SELECT r.key AS key,
SUM((r.value->>'counter')::int) AS count_key,
COUNT(*) AS count_documents,
json_agg(json_build_object(
'date', data_reportfile.date::date,
'count_key', (r.value->>'counter')::int )
) AS dates
FROM data_reportfile,
jsonb_each(analysis_result->'results') r
WHERE data_reportfile.date >= '1960-1-1'
AND data_reportfile.analysis_done IS TRUE
AND r.value->>'category' = 'general'
GROUP BY r.key
ORDER BY count_documents DESC
LIMIT 20;
这是 EXPLAIN ANALYZE 的结果......
Limit (cost=42442.85..42442.86 rows=1 width=80) (actual time=4338.407..4343.240 rows=20 loops=1)

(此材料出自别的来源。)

(* Let $x \in X$ and $\gamma > 0$, and set \[ x^+ := P_x(\gamma F(x)), \qquad \phi_\gamma(x) := F(x) - F(x^+) + \frac{1}{\gamma}\left[\nabla\omega(x^+) - \nabla\omega(x)\right]. \] (a) $\tilde g(x^+, \phi_\gamma(x)) \le 0$ for any $x \in X$ and $\gamma > 0$. (b) If $\omega$ has ${\cal Q}$-Lipschitz continuous gradients w.r.t. $\|\cdot\|$, i.e. $\|\nabla\omega(x) - \nabla\omega(z)\|_* \le {\cal Q}\|x-z\|$ for all $x,z\in X$, and $F$ is Hölder continuous, i.e. $\|F(x)-F(y)\|_* \le L\|x-y\|^\nu$ for all $x,y \in X$ for some $\nu \in (0,1]$ and $L>0$, then \[ \|\phi_\gamma(x)\|_* \le L\left[\gamma\|R_\gamma(x)\|\right]^\nu + {\cal Q}\|R_\gamma(x)\|. \] (c) If, in addition to the hypotheses of (b), the set $X$ is bounded, then \[ g(x^+) \le 2\,\Omega_{\omega,X}\left[L\gamma^\nu\|R_\gamma(x)\|^\nu + {\cal Q}\|R_\gamma(x)\|\right]. \]
   Context: $\mathbb{R}^n$ carries an inner product $\langle\cdot,\cdot\rangle$ and a norm $\|\cdot\|$ (not necessarily induced by the inner product), with dual norm $\|\cdot\|_*$. $X \subseteq \mathbb{R}^n$ is a nonempty closed convex set and $F: X \to \mathbb{R}^n$ is continuous. A distance generating function with modulus $\alpha>0$ w.r.t. $\|\cdot\|$ is a function $\omega: X \to \mathbb{R}$ that is convex and continuous on $X$, such that $X^o = \{x \in X : \partial\omega(x) \neq \emptyset\}$ is convex, and such that $\omega$ restricted to $X^o$ is continuously differentiable and satisfies $\langle \nabla\omega(x') - \nabla\omega(x), x' - x\rangle \ge \alpha\|x'-x\|^2$ for all $x, x' \in X^o$. Fix such an $\omega$. $V(x,z) = \omega(z) - \omega(x) - \langle \nabla\omega(x), z - x\rangle$, $P_x(\phi) = \arg\min_{z \in X}\{\langle \phi, z\rangle + V(x,z)\}$, and $R_\gamma(x) = \frac{1}{\gamma}[x - P_x(\gamma F(x))]$. Gap functions: $g(x) = \sup_{z\in X}\langle F(x), x - z\rangle$ and $\tilde g(x,\phi) = \sup_{z \in X}\langle F(x) + \phi, x - z\rangle$. Further $D_{\omega,X} = \sqrt{\max_{x\in X}\omega(x) - \min_{x\in X}\omega(x)}$ and $\Omega_{\omega,X} = \sqrt{2/\alpha}\,D_{\omega,X}$. *)

theory Defs
  imports "HOL-Analysis.Analysis"
begin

-> Sort (cost=42442.85..42442.86 rows=1 width=80) (actual time=4338.406..4338.413 rows=20 loops=1)
Sort Key: (count(*)) DESC
Sort Method: top-N heapsort Memory: 10002kB
-> HashAggregate (cost=42442.83..42442.84 rows=1 width=80) (actual time=4324.406..4332.789 rows=2704 loops=1)
Group Key: r.key
-> Gather (cost=1000.00..41071.38 rows=49871 width=68) (actual time=0.699..759.060 rows=911509 loops=1)
Workers Planned: 3
Workers Launched: 3
-> Nested Loop (cost=0.01..35084.28 rows=16087 width=68) (actual time=0.421..2317.619 rows=227877 loops=4)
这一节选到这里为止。